----- Records supplied -----
(* There exists a unique $\mathbb{Q}(q)$-algebra anti-isomorphism $\sigma\colon \mathrm{El}^\vee_\epsilon\to \mathrm{El}_\epsilon$ with $\sigma(\mathcal{E}_i)=q^{-\epsilon}\mathcal{E}_{i+1}$ for all $i\in\mathbb{Z}$ (anti-isomorphism: $\mathbb{Q}(q)$-linear bijection with $\sigma(uv)=\sigma(v)\sigma(u)$ and $\sigma(1)=1$).
   Context: $\mathbb{Q}(q)$ is the field of rational functions in $q$ over $\mathbb{Q}$; $[2]=q+q^{-1}$. Fix $\epsilon\in\{1,-1\}$. For $i,j\in\mathbb{Z}$ put $b_{ij}=-2$ if $j\in\{i,i+1\}$ and $b_{ij}=4\,\mathrm{sgn}(j-i)(-1)^{j-i}$ otherwise. The $q$-electrical algebra $\mathrm{El}_\epsilon$ is the $\mathbb{Q}(q)$-algebra generated by $\mathcal{E}_i$, $i\in\mathbb{Z}$, subject to: (1) $\mathcal{E}_i\mathcal{E}_j=q^{b_{ij}}\mathcal{E}_j\mathcal{E}_i$ if $|i-j|>1$; (2) $q^3\mathcal{E}_i^2\mathcal{E}_{i+1}-[2]\mathcal{E}_i\mathcal{E}_{i+1}\mathcal{E}_i+q^{-3}\mathcal{E}_{i+1}\mathcal{E}_i^2=-q^{\epsilon}[2]\mathcal{E}_i$; (3) $q^{-3}\mathcal{E}_i^2\mathcal{E}_{i-1}-[2]\mathcal{E}_i\mathcal{E}_{i-1}\mathcal{E}_i+q^{3}\mathcal{E}_{i-1}\mathcal{E}_i^2=-q^{\epsilon}[2]\mathcal{E}_i$, for all $i,j\in\mathbb{Z}$. The algebra $\mathrm{El}^\vee_\epsilon$ is the $\mathbb{Q}(q)$-algebra generated by $\mathcal{E}_i$, $i\in\mathbb{Z}$, subject to: (1') $\mathcal{E}_i\mathcal{E}_j=q^{-b_{ij}}\mathcal{E}_j\mathcal{E}_i$ if $|i-j|>1$; (2') $q^{-3}\mathcal{E}_i^2\mathcal{E}_{i+1}-[2]\mathcal{E}_i\mathcal{E}_{i+1}\mathcal{E}_i+q^{3}\mathcal{E}_{i+1}\mathcal{E}_i^2=-q^{-\epsilon}[2]\mathcal{E}_i$; (3') $q^{3}\mathcal{E}_i^2\mathcal{E}_{i-1}-[2]\mathcal{E}_i\mathcal{E}_{i-1}\mathcal{E}_i+q^{-3}\mathcal{E}_{i-1}\mathcal{E}_i^2=-q^{-\epsilon}[2]\mathcal{E}_i$. *)

theory Defs
  imports "HOL-Algebra.QuotRing" "HOL-Computational_Algebra.Fraction_Field"
          "HOL-Computational_Algebra.Polynomial"
begin

type_synonym K = "rat poly fract"

definition qq :: K where "qq = Fraction_Field.Fract [:0, 1:] 1"
definition qint2 :: K where "qint2 = qq + inverse qq"

text \<open>Free associative Q(q)-algebra on generators indexed by int:
  elements are finitely supported functions from words (int lists) to Q(q).\<close>
type_synonym fa = "int list \<Rightarrow> K"

definition fa_carrier :: "fa set" where
  "fa_carrier = {f. finite {w. f w \<noteq> 0}}"
definition fa_add :: "fa \<Rightarrow> fa \<Rightarrow> fa" where
  "fa_add f g = (\<lambda>w. f w + g w)"
definition fa_mult :: "fa \<Rightarrow> fa \<Rightarrow> fa" where
  "fa_mult f g = (\<lambda>w. \<Sum>k\<le>length w. f (take k w) * g (drop k w))"
definition fa_zero :: fa where "fa_zero = (\<lambda>w. 0)"
definition fa_one :: fa where "fa_one = (\<lambda>w. if w = [] then 1 else 0)"
definition fa_smul :: "K \<Rightarrow> fa \<Rightarrow> fa" where
  "fa_smul c f = (\<lambda>w. c * f w)"
definition gen :: "int \<Rightarrow> fa" where
  "gen i = (\<lambda>w. if w = [i] then 1 else 0)"

definition FA :: "fa ring" where
  "FA = \<lparr>carrier = fa_carrier, Group.monoid.mult = fa_mult, Group.monoid.one = fa_one,
         Ring.ring.zero = fa_zero, Ring.ring.add = fa_add\<rparr>"

definition fa_diff :: "fa \<Rightarrow> fa \<Rightarrow> fa" where
  "fa_diff f g = (\<lambda>w. f w - g w)"
definition m3 :: "fa \<Rightarrow> fa \<Rightarrow> fa \<Rightarrow> fa" where
  "m3 a b c = fa_mult a (fa_mult b c)"

definition bexp :: "int \<Rightarrow> int \<Rightarrow> int" where
  "bexp i j = (if j = i \<or> j = i + 1 then -2
               else 4 * sgn (j - i) * (-1) ^ nat \<bar>j - i\<bar>)"

text \<open>Defining relations of El_eps (written as elements LHS - RHS).\<close>
definition rels :: "int \<Rightarrow> fa set" where
  "rels eps =
     {fa_diff (fa_mult (gen i) (gen j)) (fa_smul (qq powi bexp i j) (fa_mult (gen j) (gen i)))
        | i j. \<bar>i - j\<bar> > 1}
   \<union> {fa_add (fa_add (fa_add (fa_smul (qq powi 3) (m3 (gen i) (gen i) (gen (i+1))))
                           (fa_smul (- qint2) (m3 (gen i) (gen (i+1)) (gen i))))
                   (fa_smul (qq powi (-3)) (m3 (gen (i+1)) (gen i) (gen i))))
            (fa_smul (qq powi eps * qint2) (gen i)) | i. True}
   \<union> {fa_add (fa_add (fa_add (fa_smul (qq powi (-3)) (m3 (gen i) (gen i) (gen (i-1))))
                           (fa_smul (- qint2) (m3 (gen i) (gen (i-1)) (gen i))))
                   (fa_smul (qq powi 3) (m3 (gen (i-1)) (gen i) (gen i))))
            (fa_smul (qq powi eps * qint2) (gen i)) | i. True}"

definition relsv :: "int \<Rightarrow> fa set" where
  "relsv eps =
     {fa_diff (fa_mult (gen i) (gen j)) (fa_smul (qq powi (- bexp i j)) (fa_mult (gen j) (gen i)))
        | i j. \<bar>i - j\<bar> > 1}
   \<union> {fa_add (fa_add (fa_add (fa_smul (qq powi (-3)) (m3 (gen i) (gen i) (gen (i+1))))
                           (fa_smul (- qint2) (m3 (gen i) (gen (i+1)) (gen i))))
                   (fa_smul (qq powi 3) (m3 (gen (i+1)) (gen i) (gen i))))
            (fa_smul (qq powi (-eps) * qint2) (gen i)) | i. True}
   \<union> {fa_add (fa_add (fa_add (fa_smul (qq powi 3) (m3 (gen i) (gen i) (gen (i-1))))
                           (fa_smul (- qint2) (m3 (gen i) (gen (i-1)) (gen i))))
                   (fa_smul (qq powi (-3)) (m3 (gen (i-1)) (gen i) (gen i))))
            (fa_smul (qq powi (-eps) * qint2) (gen i)) | i. True}"

text \<open>The algebras as quotients of the free algebra by two-sided ideals
  (HOL-Algebra's ideal is two-sided).\<close>
definition El_ideal :: "int \<Rightarrow> fa set" where "El_ideal eps = genideal FA (rels eps)"
definition Elv_ideal :: "int \<Rightarrow> fa set" where "Elv_ideal eps = genideal FA (relsv eps)"

definition El :: "int \<Rightarrow> fa set ring" where "El eps = FA Quot El_ideal eps"
definition Elv :: "int \<Rightarrow> fa set ring" where "Elv eps = FA Quot Elv_ideal eps"

definition cls :: "fa set \<Rightarrow> fa \<Rightarrow> fa set" where
  "cls I f = I +>\<^bsub>FA\<^esub> f"

text \<open>Q(q)-algebra anti-isomorphism FA/I -> FA/J. Linearity is expressed through
  the structure maps c |-> c*1 of the two Q(q)-algebras.\<close>
definition anti_iso :: "fa set \<Rightarrow> fa set \<Rightarrow> (fa set \<Rightarrow> fa set) \<Rightarrow> bool" where
  "anti_iso I J s \<longleftrightarrow>
     bij_betw s (carrier (FA Quot I)) (carrier (FA Quot J))
   \<and> (\<forall>x\<in>carrier (FA Quot I). \<forall>y\<in>carrier (FA Quot I).
        s (x \<oplus>\<^bsub>FA Quot I\<^esub> y) = s x \<oplus>\<^bsub>FA Quot J\<^esub> s y)
   \<and> (\<forall>c. \<forall>x\<in>carrier (FA Quot I).
        s (cls I (fa_smul c fa_one) \<otimes>\<^bsub>FA Quot I\<^esub> x)
          = cls J (fa_smul c fa_one) \<otimes>\<^bsub>FA Quot J\<^esub> s x)
   \<and> (\<forall>x\<in>carrier (FA Quot I). \<forall>y\<in>carrier (FA Quot I).
        s (x \<otimes>\<^bsub>FA Quot I\<^esub> y) = s y \<otimes>\<^bsub>FA Quot J\<^esub> s x)
   \<and> s \<one>\<^bsub>FA Quot I\<^esub> = \<one>\<^bsub>FA Quot J\<^esub>"

end

theory Submission imports Defs begin

text \<open>
  Reversing words in the free algebra and shifting every letter up by one turns each defining
  relation of El^\<vee>, after rescaling a word of length n by q powi (-\<epsilon> n), into a scalar
  multiple of a defining relation of El; the inverse map sends the relations of El back to multiples
  of those of El^\<vee>. Hence this linear anti-automorphism of the free algebra carries the ideal of
  El^\<vee> onto that of El and descends to the required anti-isomorphism. Uniqueness holds because the
  quotient is generated as an algebra by the scalars and the classes of the generators.
  The argument works for every integer \<epsilon>.
\<close>

subsection \<open>The free algebra\<close>

definition splits :: "int list \<Rightarrow> (int list \<times> int list) set" where
  "splits w = {p. fst p @ snd p = w}"

lemma splits_eq_image: "splits w = (\<lambda>k. (take k w, drop k w)) ` {..length w}"
proof
  show "splits w \<subseteq> (\<lambda>k. (take k w, drop k w)) ` {..length w}"
  proof
    fix p assume "p \<in> splits w"
    then have "fst p @ snd p = w" by (simp add: splits_def)
    then have "p = (take (length (fst p)) w, drop (length (fst p)) w)" and "length (fst p) \<le> length w"
      by (auto simp: prod_eq_iff)
    then show "p \<in> (\<lambda>k. (take k w, drop k w)) ` {..length w}" by blast
  qed
qed (auto simp: splits_def)

lemma finite_splits [simp]: "finite (splits w)"
  by (simp add: splits_eq_image)
lemma sppm_expected_sq_dist_le:
  fixes f :: "'b \<Rightarrow> 'a::real_normed_vector \<Rightarrow> real"
  assumes D: "prob_space D" and R: "R > 0" and C: "C \<ge> 0"
    and step: "\<And>x. (\<integral>\<^sup>+ \<xi>. ennreal ((norm (prox \<gamma> (f \<xi>) x - u))\<^sup>2) \<partial>D)
      \<le> ennreal (R * (norm (x - u))\<^sup>2 + C)"
  shows "(\<integral>\<^sup>+ w. ennreal ((norm (sppm \<gamma> f x0 w k - u))\<^sup>2) \<partial>PiM {..<k} (\<lambda>_. D))
      \<le> ennreal (R ^ k * (norm (x0 - u))\<^sup>2 + C * (\<Sum>i<k. R ^ i))"
proof (induction k)
  case 0
  interpret prob_space "PiM {} (\<lambda>_. D)" by (rule prob_space_PiM) (use D in auto)
  show ?case by (simp add: emeasure_space_1)
next
  case (Suc k)
  let ?E = "\<lambda>k. \<integral>\<^sup>+ w. ennreal ((norm (sppm \<gamma> f x0 w k - u))\<^sup>2) \<partial>PiM {..<k} (\<lambda>_. D)"
  have "?E (Suc k) = (\<integral>\<^sup>+ w. ennreal ((norm (sppm \<gamma> f x0 w (Suc k) - u))\<^sup>2)
      \<partial>PiM (insert k {..<k}) (\<lambda>_. D))"
    by (simp add: lessThan_Suc)
  also have "\<dots> \<le> (\<integral>\<^sup>+ w. (\<integral>\<^sup>+ \<xi>. ennreal ((norm (sppm \<gamma> f x0 (w(k := \<xi>)) (Suc k) - u))\<^sup>2) \<partial>D)
      \<partial>PiM {..<k} (\<lambda>_. D))"
    by (rule nn_integral_PiM_insert_le[OF D])
  also have "\<dots> = (\<integral>\<^sup>+ w. (\<integral>\<^sup>+ \<xi>. ennreal ((norm (prox \<gamma> (f \<xi>) (sppm \<gamma> f x0 w k) - u))\<^sup>2) \<partial>D)
      \<partial>PiM {..<k} (\<lambda>_. D))"
    by (simp add: sppm_fun_upd_eq)
  also have "\<dots> \<le> (\<integral>\<^sup>+ w. ennreal R * ennreal ((norm (sppm \<gamma> f x0 w k - u))\<^sup>2) + ennreal C
      \<partial>PiM {..<k} (\<lambda>_. D))"
    using step R C by (intro nn_integral_mono) (simp add: ennreal_mult)
  also have "\<dots> \<le> ennreal R * ?E k + ennreal C"
    by (rule nn_integral_affine_le[OF prob_space_PiM R]) (use D in auto)
  also have "\<dots> \<le> ennreal R * ennreal (R ^ k * (norm (x0 - u))\<^sup>2 + C * (\<Sum>i<k. R ^ i)) + ennreal C"
    using Suc.IH by (intro add_right_mono mult_left_mono) auto
  also have "\<dots> = ennreal (R * (R ^ k * (norm (x0 - u))\<^sup>2 + C * (\<Sum>i<k. R ^ i)) + C)"
    using R C by (simp add: ennreal_mult sum_nonneg)
  also have "R * (R ^ k * (norm (x0 - u))\<^sup>2 + C * (\<Sum>i<k. R ^ i)) + C
      = R ^ Suc k * (norm (x0 - u))\<^sup>2 + C * (\<Sum>i<Suc k. R ^ i)"
    by (simp add: algebra_simps sum_distrib_left lessThan_Suc_eq_insert_0 sum.reindex
        flip: power_Suc)
  finally show ?case .
qed
(* Let $X$ be a real Banach space and let $Y,Z$ be closed subspaces of $X$ with $Z\subseteq Y\subseteq X$. If $Z$ is a semi $M$-ideal in $X$ and $Y/Z$ has property-$(wU)$ in $X/Z$, then $Y$ has property-$(wU)$ in $X$.
   Context: $Y$ has property-$(wU)$ in $X$ if every $y^*\in Y^*$ that attains its norm on the unit sphere $S_Y$ (i.e. $\|y^*\|=y^*(y_0)$ for some $y_0\in S_Y$) has a unique extension $x^*\in X^*$ with $x^*|_Y=y^*$ and $\|x^*\|=\|y^*\|$. A closed subspace $J$ of $X$ is a semi $M$-ideal if $X^*=J^\perp\oplus_{\ell_1}W$ for some closed subset $W\subseteq X^*$, i.e. every $x^*\in X^*$ decomposes uniquely as $x^*=u+w$ with $u\in J^\perp$, $w\in W$, and $\|x^*\|=\|u\|+\|w\|$ (equivalently, $J$ has the $2$-ball property in $X$); here $J^\perp=\{x^*\in X^*:x^*|_J=0\}$. $Y/Z$ is regarded as a subspace of $X/Z$ with the quotient norm. *)

theory Defs
  imports "HOL-Analysis.Analysis"
begin

text \<open>Bounded linear functionals on a subspace S of the ambient normed space
  (represented as real-valued functions; only their values on S matter).\<close>
definition sub_dual :: "'a::real_normed_vector set \<Rightarrow> ('a \<Rightarrow> real) \<Rightarrow> bool" where
  "sub_dual S g \<longleftrightarrow>
     (\<forall>x\<in>S. \<forall>y\<in>S. g (x + y) = g x + g y) \<and>
     (\<forall>c. \<forall>x\<in>S. g (c *\<^sub>R x) = c * g x) \<and>
     (\<exists>K. \<forall>x\<in>S. \<bar>g x\<bar> \<le> K * norm x)"

definition dual_norm_on :: "'a::real_normed_vector set \<Rightarrow> ('a \<Rightarrow> real) \<Rightarrow> real" where
  "dual_norm_on S g = (SUP x\<in>{x\<in>S. norm x \<le> 1}. \<bar>g x\<bar>)"
text \<open>K_0(H) (coefficients 'a = int), resp. K_0(H)_2 = K_0(H) tensor Z_2 (coefficients
'a = bit): finitely supported coefficient vectors on the basis.\<close>
definition K0 :: "nat list \<Rightarrow> (vert \<Rightarrow> 'a::zero) set" where
  "K0 ps = {x. \<forall>v. v \<notin> verts ps \<longrightarrow> x v = 0}"

definition euler :: "nat list \<Rightarrow> (vert \<Rightarrow> 'a::comm_ring_1) \<Rightarrow> (vert \<Rightarrow> 'a) \<Rightarrow> 'a" where
  "euler ps x y = (\<Sum>a\<in>verts ps. \<Sum>b\<in>verts ps. x a * of_nat (homdim a b) * y b)"

definition red :: "(vert \<Rightarrow> int) \<Rightarrow> (vert \<Rightarrow> bit)" where
  "red x = (\<lambda>v. of_int (x v))"

text \<open>Dual of Kbar_0(C) = Coker(1+Phi): Z-linear (= additive) forms on K_0 (resp. K_0 tensor Z_2),
with values in 'a, vanishing on Im(1+Phi).\<close>
definition lforms :: "nat list \<Rightarrow> ((vert \<Rightarrow> 'a) \<Rightarrow> (vert \<Rightarrow> 'a)) \<Rightarrow> ((vert \<Rightarrow> 'a::comm_ring_1) \<Rightarrow> 'a) set" where
  "lforms ps F = {f \<in> extensional (K0 ps).
      (\<forall>x\<in>K0 ps. \<forall>x'\<in>K0 ps. f (\<lambda>v. x v + x' v) = f x + f x') \<and>
      (\<forall>x\<in>K0 ps. f (\<lambda>v. x v + F x v) = 0)}"

end

theory Submission
  imports Defs
begin

(* The Euler form is computed on the canonical tilting bundle T, whose summands can be
   ordered so that nonzero morphisms only go upwards: the Gram matrix (dim Hom(T_a, T_b))
   is unitriangular, hence invertible over every coefficient ring. So every additive form
   on K_0(H), over Z or over Z_2 (where additive forms are linear), is <y,-> for a unique y.
   Serre duality <y, Phi x> = -<x, y>, applied in both arguments, gives
   <y, x + Phi x> = -<x, Phi y + y>, so by nondegeneracy <y,-> vanishes on Im(1 + Phi)
   exactly when Phi y = -y.
   The parity of the weights only decides whether Kbar_0(C) is free over Z or over Z_2;
   the duality holds over both coefficient rings for every weight type. *)

definition unitriangular :: "'v set \<Rightarrow> ('v \<Rightarrow> nat) \<Rightarrow> ('v \<Rightarrow> 'v \<Rightarrow> 'a::{zero,one}) \<Rightarrow> bool" where
  "unitriangular S r M \<longleftrightarrow>
     (\<forall>a\<in>S. M a a = 1) \<and> (\<forall>a\<in>S. \<forall>b\<in>S. a \<noteq> b \<and> M a b \<noteq> 0 \<longrightarrow> r a < r b)"

lemma unitriangular_subset: "unitriangular S r M \<Longrightarrow> T \<subseteq> S \<Longrightarrow> unitriangular T r M"
  unfolding unitriangular_def by blast
(* Let $\mathbf{M}$ be a compact smooth submanifold without boundary of $\mathbf{R}^s$ with cutlocus $\mathbf{C}$ and nearest-point mapping $\pi:\mathbf{R}^s\setminus\mathbf{C}\to\mathbf{M}$. For every $t\notin\mathbf{C}$, $$\|\pi'(t)\|\le\frac{d(t,\mathbf{M})}{d(t,\mathbf{C})}+1.$$
   Context: $\|\cdot\|$ on matrices is the operator norm; $\pi'(t)$ is the derivative (Jacobian matrix) of $\pi$ at $t$; $d(t,A)=\inf_{a\in A}\|t-a\|$. The cutlocus $\mathbf{C}$ is the set of $x\in\mathbf{R}^s$ for which the minimizer of $L_x(\mu)=\|\mu-x\|^2$ over $\mathbf{M}$ is not unique or $L_x$ has a degenerate Hessian at its minimizer; $\pi(x)=\arg\min_{\mu\in\mathbf{M}}\|\mu-x\|$ for $x\notin\mathbf{C}$ ($\pi$ is differentiable there). *)

theory Defs
  imports "HOL-Analysis.Analysis"
begin

text \<open>C-infinity smoothness on an open set U: there is a family of iterated
  derivatives D, indexed by lists of directions, with D [] = f on U and such that
  each D vs is Frechet differentiable at every point of U with derivative
  h maps to D (h # vs) x.  (All orders of Frechet derivatives exist on U.)\<close>
definition smooth_on :: "'a::euclidean_space set \<Rightarrow> ('a \<Rightarrow> 'b::euclidean_space) \<Rightarrow> bool" where
  "smooth_on U f \<longleftrightarrow> open U \<and>
     (\<exists>D :: 'a list \<Rightarrow> 'a \<Rightarrow> 'b.
        (\<forall>x\<in>U. D [] x = f x) \<and>
        (\<forall>vs. \<forall>x\<in>U. (D vs has_derivative (\<lambda>h. D (h # vs) x)) (at x)))"

text \<open>Local graph chart of M at p: near p, M is the graph over the affine
  subspace p + T of a smooth map g with values orthogonal to T.\<close>
definition graph_chart :: "'a::euclidean_space set \<Rightarrow> 'a \<Rightarrow> 'a set \<Rightarrow> 'a set \<Rightarrow> ('a \<Rightarrow> 'a) \<Rightarrow> bool" where
  "graph_chart M p U T g \<longleftrightarrow>
     open U \<and> p \<in> U \<and> subspace T \<and> smooth_on UNIV g \<and>
     (\<forall>v\<in>T. \<forall>w\<in>T. g v \<bullet> w = 0) \<and>
     M \<inter> U = {p + v + g v | v. v \<in> T} \<inter> U"

definition smooth_submanifold :: "'a::euclidean_space set \<Rightarrow> bool" where
  "smooth_submanifold M \<longleftrightarrow> (\<forall>p\<in>M. \<exists>U T g. graph_chart M p U T g)"

definition second_deriv_at :: "('a::euclidean_space \<Rightarrow> real) \<Rightarrow> 'a \<Rightarrow> ('a \<Rightarrow> 'a \<Rightarrow> real) \<Rightarrow> bool" where
  "second_deriv_at f a H \<longleftrightarrow>
     (\<exists>f'. (\<forall>\<^sub>F y in nhds a. (f has_derivative f' y) (at y)) \<and>
           (\<forall>w. ((\<lambda>y. f' y w) has_derivative (\<lambda>v. H v w)) (at a)))"

definition is_minimizer :: "'a::euclidean_space set \<Rightarrow> 'a \<Rightarrow> 'a \<Rightarrow> bool" where
  "is_minimizer M x \<mu> \<longleftrightarrow> \<mu> \<in> M \<and> (\<forall>\<nu>\<in>M. (norm (\<mu> - x))\<^sup>2 \<le> (norm (\<nu> - x))\<^sup>2)"

text \<open>The Hessian of L_x restricted to M is degenerate at mu, computed in a local
  graph chart at mu (at a critical point nondegeneracy is chart independent).\<close>
definition degenerate_hessian :: "'a::euclidean_space set \<Rightarrow> 'a \<Rightarrow> 'a \<Rightarrow> bool" where
  "degenerate_hessian M x \<mu> \<longleftrightarrow>
     (\<exists>U T g H. graph_chart M \<mu> U T g \<and>
        second_deriv_at (\<lambda>v. (norm (\<mu> + v + g v - x))\<^sup>2) 0 H \<and>
        (\<exists>v\<in>T. v \<noteq> 0 \<and> (\<forall>w\<in>T. H v w = 0)))"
-----
◆ Work to complete ◆
Once you find the line with "i = (\<lambda>w." in the entries above, output it and each line after it up to and including the line with "(\<lambda>w. f w - g", and nothing else.

◆ Result for this task ◆
  "gen i = (\<lambda>w. if w = [i] then 1 else 0)"

definition FA :: "fa ring" where
  "FA = \<lparr>carrier = fa_carrier, Group.monoid.mult = fa_mult, Group.monoid.one = fa_one,
         Ring.ring.zero = fa_zero, Ring.ring.add = fa_add\<rparr>"

definition fa_diff :: "fa \<Rightarrow> fa \<Rightarrow> fa" where
  "fa_diff f g = (\<lambda>w. f w - g w)"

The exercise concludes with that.